A Dosimetria da conveniência

Alexandre de Moraes, ministro do STF, decide que vender 12 pedras de crack não justifica prisão preventiva

Por: Taciano Medrado*

A recente decisão do todo poderoso ministro do STF, Alexandre de Moraes, me faz lembrar de um velho ditado popular: "Quem rouba 1 Real pode roubar 1 milhão de reais", e em ambos os casos é tipificado crime perante o código penal brasileiro.

A decisão que relativiza a prisão preventiva de quem foi flagrado vendendo 12 pedras de crack expõe, mais uma vez, a dosimetria da conveniência que parece orientar parte do sistema de Justiça brasileiro. Não se trata aqui de defender encarceramento automático ou ignorar garantias individuais, mas de questionar critérios, e sobretudo a coerência, na aplicação da lei penal.

O tráfico de drogas, mesmo em pequena escala, é um dos motores da violência urbana, da desagregação familiar e da morte prematura nas periferias. Minimizar sua gravidade sob o argumento da quantidade apreendida desconsidera o impacto social concreto da droga na ponta final da cadeia: o usuário, a família, a comunidade. Doze pedras de crack não são apenas “doze pedras”; são doze oportunidades de destruição.

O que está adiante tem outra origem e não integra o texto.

(* Let $d\ge2$ and let $b,c\ge0$ be real with $a=\frac1d\big(1-(b+c)\frac{d(d-1)}2\big)\ge0$, and let $$\rho_{bc}=a\sum_{i=0}^{d-1}|ii\rangle\langle ii|+b\sum_{i<j}|\psi^-_{ij}\rangle\langle\psi^-_{ij}|+c\sum_{i<j}|\psi^+_{ij}\rangle\langle\psi^+_{ij}|.$$ If $\rho_{bc}^{PT}\ge0$, then $\rho_{bc}$ is separable.
   Context: $|\psi^{\pm}_{ij}\rangle=\frac1{\sqrt2}(|ij\rangle\pm|ji\rangle)$, sums over $0\le i<j\le d-1$. $\rho^{PT}$ is the partial transpose on the second factor, $\langle ij|\rho^{PT}|kl\rangle=\langle il|\rho|kj\rangle$. A bipartite state is separable if it can be written as $\sum_ip_i|\alpha_i\rangle\langle\alpha_i|\otimes|\beta_i\rangle\langle\beta_i|$ with $p_i\ge0$. *)

theory Defs
  imports Complex_Main
begin

text \<open>Operators on C^d (x) C^d are represented by their matrix entries
  rho (i,j) (k,l) = <ij|rho|kl>, with indices in {0..<d} x {0..<d}.
  Vectors of C^d (x) C^d are functions nat x nat => complex, vectors of C^d
  are functions nat => complex (only entries with index < d matter).\<close>

type_synonym op2 = "nat \<times> nat \<Rightarrow> nat \<times> nat \<Rightarrow> complex"

definition idx :: "nat \<Rightarrow> (nat \<times> nat) set" where
  "idx d = {0..<d} \<times> {0..<d}"

definition proj :: "(nat \<times> nat \<Rightarrow> complex) \<Rightarrow> op2" where
  "proj v = (\<lambda>x y. v x * cnj (v y))"

definition ket_ii :: "nat \<Rightarrow> nat \<times> nat \<Rightarrow> complex" where
  "ket_ii i = (\<lambda>x. if x = (i, i) then 1 else 0)"

definition psi_minus :: "nat \<Rightarrow> nat \<Rightarrow> nat \<times> nat \<Rightarrow> complex" where
  "psi_minus i j = (\<lambda>x. ((if x = (i, j) then 1 else 0) - (if x = (j, i) then 1 else 0))
                         / complex_of_real (sqrt 2))"

definition psi_plus :: "nat \<Rightarrow> nat \<Rightarrow> nat \<times> nat \<Rightarrow> complex" where
  "psi_plus i j = (\<lambda>x. ((if x = (i, j) then 1 else 0) + (if x = (j, i) then 1 else 0))
                         / complex_of_real (sqrt 2))"

definition coef_a :: "nat \<Rightarrow> real \<Rightarrow> real \<Rightarrow> real" where
  "coef_a d b c = (1 - (b + c) * (real d * (real d - 1) / 2)) / real d"

definition rho_bc :: "nat \<Rightarrow> real \<Rightarrow> real \<Rightarrow> op2" where
  "rho_bc d b c = (\<lambda>x y.
      complex_of_real (coef_a d b c) * (\<Sum>i<d. proj (ket_ii i) x y)
    + complex_of_real b * (\<Sum>(i, j)\<in>{(i, j). i < j \<and> j < d}. proj (psi_minus i j) x y)
    + complex_of_real c * (\<Sum>(i, j)\<in>{(i, j). i < j \<and> j < d}. proj (psi_plus i j) x y))"

definition partial_transpose :: "op2 \<Rightarrow> op2" where
  "partial_transpose rho = (\<lambda>(i, j) (k, l). rho (i, l) (k, j))"

text \<open>Positive semidefiniteness on C^d (x) C^d: <v|rho|v> is real and nonnegative
  for every vector v (over C this also forces Hermiticity).\<close>
definition psd :: "nat \<Rightarrow> op2 \<Rightarrow> bool" where
  "psd d rho \<longleftrightarrow> (\<forall>v :: nat \<times> nat \<Rightarrow> complex.
      let q = (\<Sum>x\<in>idx d. \<Sum>y\<in>idx d. cnj (v x) * rho x y * v y)
      in q \<in> \<real> \<and> Re q \<ge> 0)"

definition separable :: "nat \<Rightarrow> op2 \<Rightarrow> bool" where
  "separable d rho \<longleftrightarrow> (\<exists>(n::nat) (p :: nat \<Rightarrow> real) (\<alpha> :: nat \<Rightarrow> nat \<Rightarrow> complex)
      (\<beta> :: nat \<Rightarrow> nat \<Rightarrow> complex).
      (\<forall>k<n. p k \<ge> 0) \<and>
      (\<forall>x\<in>idx d. \<forall>y\<in>idx d. rho x y =
         (\<Sum>k<n. complex_of_real (p k) * (\<alpha> k (fst x) * cnj (\<alpha> k (fst y)))
                                      * (\<beta> k (snd x) * cnj (\<beta> k (snd y))))))"

end

theory Submission
  imports Defs "HOL-Library.FuncSet"
begin

text \<open>In the computational basis \<open>\<rho>\<^sub>b\<^sub>c\<close> has only three kinds of nonzero entries:
  \<open>a\<close> at \<open>|mm\<rangle>\<langle>mm|\<close>, \<open>(b+c)/2\<close> at \<open>|ij\<rangle>\<langle>ij|\<close> and \<open>\<gamma> = (c-b)/2\<close> at \<open>|ij\<rangle>\<langle>ji|\<close> (\<open>i \<noteq> j\<close>).
  On the vectors \<open>\<Sum>\<^sub>m w\<^sub>m |mm\<rangle>\<close> the partial transpose acts as \<open>(a-\<gamma>) I + \<gamma> J\<close>, so PPT gives
  \<open>\<gamma> \<le> a\<close> and \<open>0 \<le> a + (d-1)\<gamma>\<close>.

  Conversely, averaging \<open>|\<alpha>\<^sub>f\<rangle>\<langle>\<alpha>\<^sub>f| \<otimes> |\<alpha>\<^sub>f\<rangle>\<langle>\<alpha>\<^sub>f|\<close> over all phase vectors
  \<open>\<alpha>\<^sub>f = \<Sum>\<^sub>m \<i>^(f m) |m\<rangle>\<close> kills every matrix unit \<open>|x\<^sub>1x\<^sub>2\<rangle>\<langle>y\<^sub>1y\<^sub>2|\<close> except those with
  \<open>{x\<^sub>1,x\<^sub>2} = {y\<^sub>1,y\<^sub>2}\<close> as multisets. This separable state supplies \<open>\<gamma> \<ge> 0\<close>; for \<open>\<gamma> < 0\<close> the same
  average over each two-element index set \<open>{i,j}\<close>, with the sign of \<open>|j\<rangle>\<close> flipped in the second
  factor, supplies the negative entries at \<open>|ij\<rangle>\<langle>ji|\<close>. In both cases the remainder is diagonal,
  and its entries are nonnegative exactly by the two PPT inequalities.\<close>

definition prod_proj :: "(nat \<Rightarrow> complex) \<Rightarrow> (nat \<Rightarrow> complex) \<Rightarrow> op2" where
  "prod_proj \<alpha> \<beta> = (\<lambda>x y. (\<alpha> (fst x) * cnj (\<alpha> (fst y))) * (\<beta> (snd x) * cnj (\<beta> (snd y))))"

lemma separable_iff_prod_proj:
  "separable d \<rho> \<longleftrightarrow> (\<exists>(n::nat) p \<alpha> \<beta>. (\<forall>k<n. p k \<ge> 0) \<and>
     (\<forall>x\<in>idx d. \<forall>y\<in>idx d. \<rho> x y = (\<Sum>k<n. complex_of_real (p k) * prod_proj (\<alpha> k) (\<beta> k) x y)))"
  unfolding separable_def prod_proj_def by (simp add: mult.assoc)

lemma separable_cong:
  assumes "separable d \<rho>" and "\<And>x y. x \<in> idx d \<Longrightarrow> y \<in> idx d \<Longrightarrow> \<rho> x y = \<rho>' x y"
  shows "separable d \<rho>'"
proof -
  obtain n :: nat and p \<alpha> \<beta> where "\<forall>k<n. p k \<ge> 0"
    and "\<forall>x\<in>idx d. \<forall>y\<in>idx d. \<rho> x y = (\<Sum>k<n. complex_of_real (p k) * prod_proj (\<alpha> k) (\<beta> k) x y)"
    using assms(1) unfolding separable_iff_prod_proj by blast
  with assms(2) show ?thesis
    unfolding separable_iff_prod_proj by (intro exI[of _ n] exI[of _ p] exI[of _ \<alpha>] exI[of _ \<beta>]) simp
qed

lemma separable_zero: "separable d (\<lambda>x y. 0)"
  unfolding separable_def by (rule exI[of _ 0]) simp

lemma separable_prod_proj: "separable d (prod_proj \<alpha> \<beta>)"
  unfolding separable_iff_prod_proj
  by (intro exI[of _ 1] exI[of _ "\<lambda>_. 1"] exI[of _ "\<lambda>_. \<alpha>"] exI[of _ "\<lambda>_. \<beta>"]) simp

lemma separable_scale:
  assumes "separable d \<rho>" and "q \<ge> 0"
  shows "separable d (\<lambda>x y. complex_of_real q * \<rho> x y)"
proof -
  obtain n :: nat and p \<alpha> \<beta> where "\<forall>k<n. p k \<ge> 0"
    and "\<forall>x\<in>idx d. \<forall>y\<in>idx d. \<rho> x y = (\<Sum>k<n. complex_of_real (p k) * prod_proj (\<alpha> k) (\<beta> k) x y)"
    using assms(1) unfolding separable_iff_prod_proj by blast
  then show ?thesis
    unfolding separable_iff_prod_proj using assms(2)
    by (intro exI[of _ n] exI[of _ "\<lambda>k. q * p k"] exI[of _ \<alpha>] exI[of _ \<beta>])
      (simp add: sum_distrib_left mult.assoc)
qed

lemma sum_lessThan_add_split:
  fixes f :: "nat \<Rightarrow> 'a::comm_monoid_add"
  shows "(\<Sum>k<m + n. f k) = (\<Sum>k<m. f k) + (\<Sum>k<n. f (m + k))"
  by (induct n) (simp_all add: add.assoc)

lemma separable_add:
  assumes "separable d \<rho>\<^sub>1" and "separable d \<rho>\<^sub>2"
  shows "separable d (\<lambda>x y. \<rho>\<^sub>1 x y + \<rho>\<^sub>2 x y)"
proof -
  obtain n\<^sub>1 :: nat and p\<^sub>1 \<alpha>\<^sub>1 \<beta>\<^sub>1 where p\<^sub>1: "\<forall>k<n\<^sub>1. p\<^sub>1 k \<ge> 0"
    and \<rho>\<^sub>1: "\<forall>x\<in>idx d. \<forall>y\<in>idx d.
      \<rho>\<^sub>1 x y = (\<Sum>k<n\<^sub>1. complex_of_real (p\<^sub>1 k) * prod_proj (\<alpha>\<^sub>1 k) (\<beta>\<^sub>1 k) x y)"
    using assms(1) unfolding separable_iff_prod_proj by blast
  obtain n\<^sub>2 :: nat and p\<^sub>2 \<alpha>\<^sub>2 \<beta>\<^sub>2 where p\<^sub>2: "\<forall>k<n\<^sub>2. p\<^sub>2 k \<ge> 0"
    and \<rho>\<^sub>2: "\<forall>x\<in>idx d. \<forall>y\<in>idx d.
      \<rho>\<^sub>2 x y = (\<Sum>k<n\<^sub>2. complex_of_real (p\<^sub>2 k) * prod_proj (\<alpha>\<^sub>2 k) (\<beta>\<^sub>2 k) x y)"
    using assms(2) unfolding separable_iff_prod_proj by blast
  define p where "p k = (if k < n\<^sub>1 then p\<^sub>1 k else p\<^sub>2 (k - n\<^sub>1))" for k
  define \<alpha> where "\<alpha> k = (if k < n\<^sub>1 then \<alpha>\<^sub>1 k else \<alpha>\<^sub>2 (k - n\<^sub>1))" for k
  define \<beta> where "\<beta> k = (if k < n\<^sub>1 then \<beta>\<^sub>1 k else \<beta>\<^sub>2 (k - n\<^sub>1))" for k
  show ?thesis
    unfolding separable_iff_prod_proj
  proof (intro exI conjI ballI allI impI)
    show "0 \<le> p k" if "k < n\<^sub>1 + n\<^sub>2" for k
      using that p\<^sub>1 p\<^sub>2 by (auto simp: p_def)
    fix x y assume "x \<in> idx d" "y \<in> idx d"
    then show "\<rho>\<^sub>1 x y + \<rho>\<^sub>2 x y
        = (\<Sum>k<n\<^sub>1 + n\<^sub>2. complex_of_real (p k) * prod_proj (\<alpha> k) (\<beta> k) x y)"
      unfolding sum_lessThan_add_split using \<rho>\<^sub>1 \<rho>\<^sub>2 by (simp add: p_def \<alpha>_def \<beta>_def)
  qed
qed
(* Let $\tau=(s_1,a_1,s_2,a_2,\dots,s_T,a_T,s_{T+1})$ be a trajectory, and suppose that for each $t$ there is a real-valued reward variable $r_t$ and a binary optimality variable $\mathcal{O}_t\in\{0,1\}$, with joint density $$p(\tau,\mathcal{O}_{1:T},r_{1:T}) = p(s_1)\prod_{t=1}^{T} p(r_t\mid s_t,a_t)\,p(\mathcal{O}_t\mid r_t)\,p(s_{t+1}\mid s_t,a_t)\,p(a_t),$$ so that $p(\mathcal{O}_t\mid s_t,a_t)=\int p(\mathcal{O}_t\mid r_t)\,p(r_t\mid s_t,a_t)\,dr_t$ and $p(\tau)$ is obtained by marginalizing out all $\mathcal{O}_t$ and $r_t$. For each $t$, let $q(\cdot\mid r_t)$ be any probability distribution on $\{0,1\}$ (depending on the reward value $r_t$). Then $$\log p(\tau)\;\ge\;\log p(s_1)+\sum_{t=1}^{T}\Big[-D_{KL}\big(q(\mathcal{O}_t\mid r_t)\,\|\,p(\mathcal{O}_t\mid s_t,a_t)\big)+\log p(s_{t+1}\mid s_t,a_t)+\log p(a_t)\Big].$$
   Context: $D_{KL}(q\|p)=\sum_{o\in\{0,1\}} q(o)\log\frac{q(o)}{p(o)}$ denotes the Kullback–Leibler divergence (the "reverse" KL, with the variational distribution $q$ in the first argument). The right-hand side is called the evidence lower bound (ELBO). *)

theory Defs
  imports "HOL-Probability.Probability"
begin

definition elog :: "real \<Rightarrow> ereal" where
  "elog x = (if x > 0 then ereal (ln x) else -\<infinity>)"

text \<open>Reverse KL divergence of distributions on {0,1} (False = 0, True = 1),
  with conventions 0 log(0/p) = 0 and q log(q/0) = +infinity for q > 0.\<close>
definition KL :: "(bool \<Rightarrow> real) \<Rightarrow> (bool \<Rightarrow> real) \<Rightarrow> ereal" where
  "KL q p = (if \<exists>b. q b > 0 \<and> p b \<le> 0 then \<infinity>
             else ereal (\<Sum>b\<in>UNIV. if q b = 0 then 0 else q b * ln (q b / p b)))"

definition joint ::
  "('s \<Rightarrow> real) \<Rightarrow> ('s \<Rightarrow> 'a \<Rightarrow> 's \<Rightarrow> real) \<Rightarrow> ('a \<Rightarrow> real) \<Rightarrow>
   ('s \<Rightarrow> 'a \<Rightarrow> real \<Rightarrow> real) \<Rightarrow> (real \<Rightarrow> bool \<Rightarrow> real) \<Rightarrow> nat \<Rightarrow>
   (nat \<Rightarrow> 's) \<Rightarrow> (nat \<Rightarrow> 'a) \<Rightarrow> (nat \<Rightarrow> bool) \<Rightarrow> (nat \<Rightarrow> real) \<Rightarrow> real" where
  "joint p1 P pa pr pO T s a Ob r =
     p1 (s 1) * (\<Prod>t\<in>{1..T}. pr (s t) (a t) (r t) * pO (r t) (Ob t)
                              * P (s t) (a t) (s (Suc t)) * pa (a t))"

definition traj_marginal ::
  "('s \<Rightarrow> real) \<Rightarrow> ('s \<Rightarrow> 'a \<Rightarrow> 's \<Rightarrow> real) \<Rightarrow> ('a \<Rightarrow> real) \<Rightarrow>
   ('s \<Rightarrow> 'a \<Rightarrow> real \<Rightarrow> real) \<Rightarrow> (real \<Rightarrow> bool \<Rightarrow> real) \<Rightarrow> nat \<Rightarrow>
   (nat \<Rightarrow> 's) \<Rightarrow> (nat \<Rightarrow> 'a) \<Rightarrow> real" where
  "traj_marginal p1 P pa pr pO T s a =
     (\<integral>r. (\<Sum>Ob\<in>{1..T} \<rightarrow>\<^sub>E (UNIV :: bool set). joint p1 P pa pr pO T s a Ob r)
        \<partial>(PiM {1..T} (\<lambda>_. lborel)))"

definition pO_sa ::
  "('s \<Rightarrow> 'a \<Rightarrow> real \<Rightarrow> real) \<Rightarrow> (real \<Rightarrow> bool \<Rightarrow> real) \<Rightarrow> 's \<Rightarrow> 'a \<Rightarrow> bool \<Rightarrow> real" where
  "pO_sa pr pO st ac b = (\<integral>x. pO x b * pr st ac x \<partial>lborel)"

end

theory Submission
  imports Defs
begin

text \<open>Summing out the optimality variables and integrating out the rewards is exact in this
  model: each \<open>p(O\<^sub>t | r\<^sub>t)\<close> sums to one over \<open>O\<^sub>t\<close> and each \<open>p(r\<^sub>t | s\<^sub>t, a\<^sub>t)\<close> integrates to one,
  so \<open>p(\<tau>) = p(s\<^sub>1) \<Prod>\<^sub>t p(s\<^sub>t\<^sub>+\<^sub>1 | s\<^sub>t, a\<^sub>t) p(a\<^sub>t)\<close>. Taking logarithms, the bound reduces to
  Gibbs' inequality: every KL term is nonnegative because \<open>q ln (q / p) \<ge> q - p\<close>.\<close>

lemma elog_mult:
  assumes "x \<ge> 0" "y \<ge> 0"
  shows "elog (x * y) = elog x + elog y"
  using assms by (auto simp: elog_def ln_mult mult_pos_pos zero_less_mult_iff)

lemma elog_prod:
  assumes "finite A" "\<And>t. t \<in> A \<Longrightarrow> f t \<ge> (0::real)"
  shows "elog (\<Prod>t\<in>A. f t) = (\<Sum>t\<in>A. elog (f t))"
  using assms
  by (induction A rule: finite_induct) (simp add: elog_def, simp add: elog_mult prod_nonneg)

lemma diff_le_mult_ln_div:
  fixes p q :: real
  assumes "q > 0" "p > 0"
  shows "q - p \<le> q * ln (q / p)"
proof -
  have "ln (p / q) \<le> p / q - 1"
    using assms by (intro ln_le_minus_one) simp
  moreover have "ln (q / p) = - ln (p / q)"
    using assms by (simp add: ln_div)
  ultimately have "q * (1 - p / q) \<le> q * ln (q / p)"
    using assms by (intro mult_left_mono) auto
  then show ?thesis
    using assms by (simp add: algebra_simps)
qed

lemma KL_nonneg:
  assumes "\<And>b. q b \<ge> 0" "q False + q True = 1"
    and "\<And>b. p b \<ge> 0" "p False + p True = 1"
  shows "KL q p \<ge> 0"
proof (cases "\<exists>b. q b > 0 \<and> p b \<le> 0")
  case True
  then show ?thesis by (simp add: KL_def)
next
  case False
  have term_ge: "q b - p b \<le> (if q b = 0 then 0 else q b * ln (q b / p b))" for b
  proof (cases "q b = 0")
    case False
    with assms(1)[of b] have "q b > 0"
      by simp
    moreover from this \<open>\<nexists>b. q b > 0 \<and> p b \<le> 0\<close> have "p b > 0"
      by (meson not_le)
    ultimately show ?thesis
      by (simp add: diff_le_mult_ln_div)
  qed (simp add: assms(3))
  have "0 = (\<Sum>b\<in>UNIV. q b - p b)"
    using assms by (simp add: UNIV_bool)
  also have "\<dots> \<le> (\<Sum>b\<in>UNIV. if q b = 0 then 0 else q b * ln (q b / p b))"
    by (intro sum_mono term_ge)
  finally show ?thesis
    using False by (simp add: KL_def)
qed

lemma ereal_neg_add_le:
  fixes k x :: ereal
  assumes "0 \<le> k"
  shows "- k + x \<le> x"
  using add_right_mono[of "- k" 0 x] assms by simp

lemma sum_joint_over_optimality:
  assumes "\<And>v. pO v False + pO v True = 1"
  shows "(\<Sum>Ob\<in>{1..T} \<rightarrow>\<^sub>E UNIV. joint p1 P pa pr pO T s a Ob r)
       = p1 (s 1) * (\<Prod>t\<in>{1..T}. pr (s t) (a t) (r t) * (P (s t) (a t) (s (Suc t)) * pa (a t)))"
proof -
  have "(\<Sum>Ob\<in>{1..T} \<rightarrow>\<^sub>E UNIV. joint p1 P pa pr pO T s a Ob r)
      = p1 (s 1) * (\<Prod>t\<in>{1..T}. \<Sum>b\<in>UNIV.
          pr (s t) (a t) (r t) * pO (r t) b * P (s t) (a t) (s (Suc t)) * pa (a t))"
    unfolding joint_def by (simp add: sum_distrib_left prod_sum_PiE)
  also have "\<dots> = p1 (s 1) * (\<Prod>t\<in>{1..T}.
          pr (s t) (a t) (r t) * (pO (r t) False + pO (r t) True) * (P (s t) (a t) (s (Suc t)) * pa (a t)))"
    by (simp add: UNIV_bool algebra_simps)
  finally show ?thesis
    using assms by simp
qed

lemma traj_marginal_eq:
  assumes "\<And>v. pO v False + pO v True = 1"
    and "\<And>x u. integrable lborel (pr x u)"
    and "\<And>x u. (\<integral>v. pr x u v \<partial>lborel) = 1"
  shows "traj_marginal p1 P pa pr pO T s a
       = p1 (s 1) * (\<Prod>t\<in>{1..T}. P (s t) (a t) (s (Suc t)) * pa (a t))"
proof -
  interpret product_sigma_finite "\<lambda>_. lborel" by standard
  define g where "g t v = pr (s t) (a t) v * (P (s t) (a t) (s (Suc t)) * pa (a t))" for t v
  have g_integrable: "integrable lborel (g t)" for t
    unfolding g_def using assms(2) by simp
  have "traj_marginal p1 P pa pr pO T s a
      = (\<integral>r. p1 (s 1) * (\<Prod>t\<in>{1..T}. g t (r t)) \<partial>(PiM {1..T} (\<lambda>_. lborel)))"
    unfolding traj_marginal_def g_def sum_joint_over_optimality[OF assms(1)] ..
  also have "\<dots> = p1 (s 1) * (\<Prod>t\<in>{1..T}. integral\<^sup>L lborel (g t))"
    by (simp add: product_integral_prod g_integrable)
  also have "\<dots> = p1 (s 1) * (\<Prod>t\<in>{1..T}. P (s t) (a t) (s (Suc t)) * pa (a t))"
    unfolding g_def using assms(3) by simp
  finally show ?thesis .
qed

lemma integrable_mult_unit_interval:
  fixes f g :: "'x \<Rightarrow> real"
  assumes "integrable M f" "g \<in> borel_measurable M" "\<And>x. 0 \<le> g x" "\<And>x. g x \<le> 1"
  shows "integrable M (\<lambda>x. g x * f x)"
proof (rule Bochner_Integration.integrable_bound[OF assms(1)])
  show "(\<lambda>x. g x * f x) \<in> borel_measurable M"
    using assms(1,2) by measurable
  show "AE x in M. norm (g x * f x) \<le> norm (f x)"
    using assms(3,4) by (auto intro!: mult_left_le_one_le simp: abs_mult)
qed

lemma pO_sa_normalized:
  assumes "\<And>v. pO v False + pO v True = 1"
    and "\<And>b. integrable lborel (\<lambda>v. pO v b * pr x u v)"
    and "(\<integral>v. pr x u v \<partial>lborel) = 1"
  shows "pO_sa pr pO x u False + pO_sa pr pO x u True = 1"
proof -
  have "pO_sa pr pO x u False + pO_sa pr pO x u True
      = (\<integral>v. (pO v False + pO v True) * pr x u v \<partial>lborel)"
    unfolding pO_sa_def using assms(2) by (simp add: distrib_right)
  then show ?thesis
    using assms(1,3) by simp
qed

theorem mainTheorem1:
  fixes p1 :: "'s \<Rightarrow> real" and P :: "'s \<Rightarrow> 'a \<Rightarrow> 's \<Rightarrow> real" and pa :: "'a \<Rightarrow> real"
    and pr :: "'s \<Rightarrow> 'a \<Rightarrow> real \<Rightarrow> real" and pO :: "real \<Rightarrow> bool \<Rightarrow> real"
    and T :: nat and s :: "nat \<Rightarrow> 's" and a :: "nat \<Rightarrow> 'a"
    and q :: "nat \<Rightarrow> real \<Rightarrow> bool \<Rightarrow> real" and r :: "nat \<Rightarrow> real"
  assumes p1_nonneg: "\<And>x. p1 x \<ge> 0"
    and P_nonneg: "\<And>x u y. P x u y \<ge> 0"
    and pa_nonneg: "\<And>u. pa u \<ge> 0"
    and pr_meas: "\<And>x u. pr x u \<in> borel_measurable lborel"
    and pr_nonneg: "\<And>x u v. pr x u v \<ge> 0"
    and pr_integrable: "\<And>x u. integrable lborel (pr x u)"
    and pr_normalized: "\<And>x u. (\<integral>v. pr x u v \<partial>lborel) = 1"
    and pO_meas: "\<And>b. (\<lambda>v. pO v b) \<in> borel_measurable lborel"
    and pO_nonneg: "\<And>v b. pO v b \<ge> 0"
    and pO_normalized: "\<And>v. pO v False + pO v True = 1"
    and q_nonneg: "\<And>t v b. q t v b \<ge> 0"
    and q_normalized: "\<And>t v. q t v False + q t v True = 1"
  shows "elog (traj_marginal p1 P pa pr pO T s a) \<ge>
           elog (p1 (s 1)) +
           (\<Sum>t\<in>{1..T}. - KL (q t (r t)) (pO_sa pr pO (s t) (a t))
                          + elog (P (s t) (a t) (s (Suc t))) + elog (pa (a t)))"
proof -
  have log_marginal: "elog (traj_marginal p1 P pa pr pO T s a) =
      elog (p1 (s 1)) + (\<Sum>t\<in>{1..T}. elog (P (s t) (a t) (s (Suc t))) + elog (pa (a t)))"
    using p1_nonneg P_nonneg pa_nonneg
    by (simp add: traj_marginal_eq pO_normalized pr_integrable pr_normalized
                  elog_mult elog_prod prod_nonneg)
  have pO_le_one: "pO v b \<le> 1" for v b
    using pO_nonneg[of v False] pO_nonneg[of v True] pO_normalized[of v] by (cases b) auto
  have pO_pr_integrable: "integrable lborel (\<lambda>v. pO v b * pr x u v)" for b x u
    using pr_integrable pO_meas pO_nonneg pO_le_one by (rule integrable_mult_unit_interval)
  have KL_ge: "KL (q t (r t)) (pO_sa pr pO (s t) (a t)) \<ge> 0" for t
  proof (rule KL_nonneg)
    show "pO_sa pr pO (s t) (a t) False + pO_sa pr pO (s t) (a t) True = 1"
      by (rule pO_sa_normalized[OF pO_normalized pO_pr_integrable pr_normalized])
  qed (use q_nonneg q_normalized pO_nonneg pr_nonneg in \<open>auto simp: pO_sa_def\<close>)
  have "(\<Sum>t\<in>{1..T}. - KL (q t (r t)) (pO_sa pr pO (s t) (a t))
                      + elog (P (s t) (a t) (s (Suc t))) + elog (pa (a t)))
     \<le> (\<Sum>t\<in>{1..T}. elog (P (s t) (a t) (s (Suc t))) + elog (pa (a t)))"
    using KL_ge by (intro sum_mono add_right_mono ereal_neg_add_le)
  then show ?thesis
    unfolding log_marginal by (rule add_left_mono)
qed

end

Causa perplexidade que, enquanto pequenos traficantes são frequentemente tratados como “não merecedores” da prisão preventiva, outros réus, em especial quando politicamente inconvenientes, enfrentem decisões rigorosas, prisões alongadas e interpretações maximalistas da lei. A mensagem que se transmite é perigosa: a de que a lei pesa de forma diferente conforme o perfil do acusado e o clima político do momento.

A prisão preventiva não é punição antecipada, é instrumento excepcional para resguardar a ordem pública, a instrução criminal e a aplicação da lei penal. Ignorar esses fundamentos quando o crime alimenta diretamente a violência cotidiana soa menos como técnica jurídica e mais como seletividade.

Por fim, a sociedade fica com a sensação de que a balança da Justiça não está apenas calibrada por princípios, mas ajustada por conveniências. E quando isso acontece, o resultado não é justiça, é desconfiança e descrédito em uma das instituições mais importante do pais, a Suprema Corte.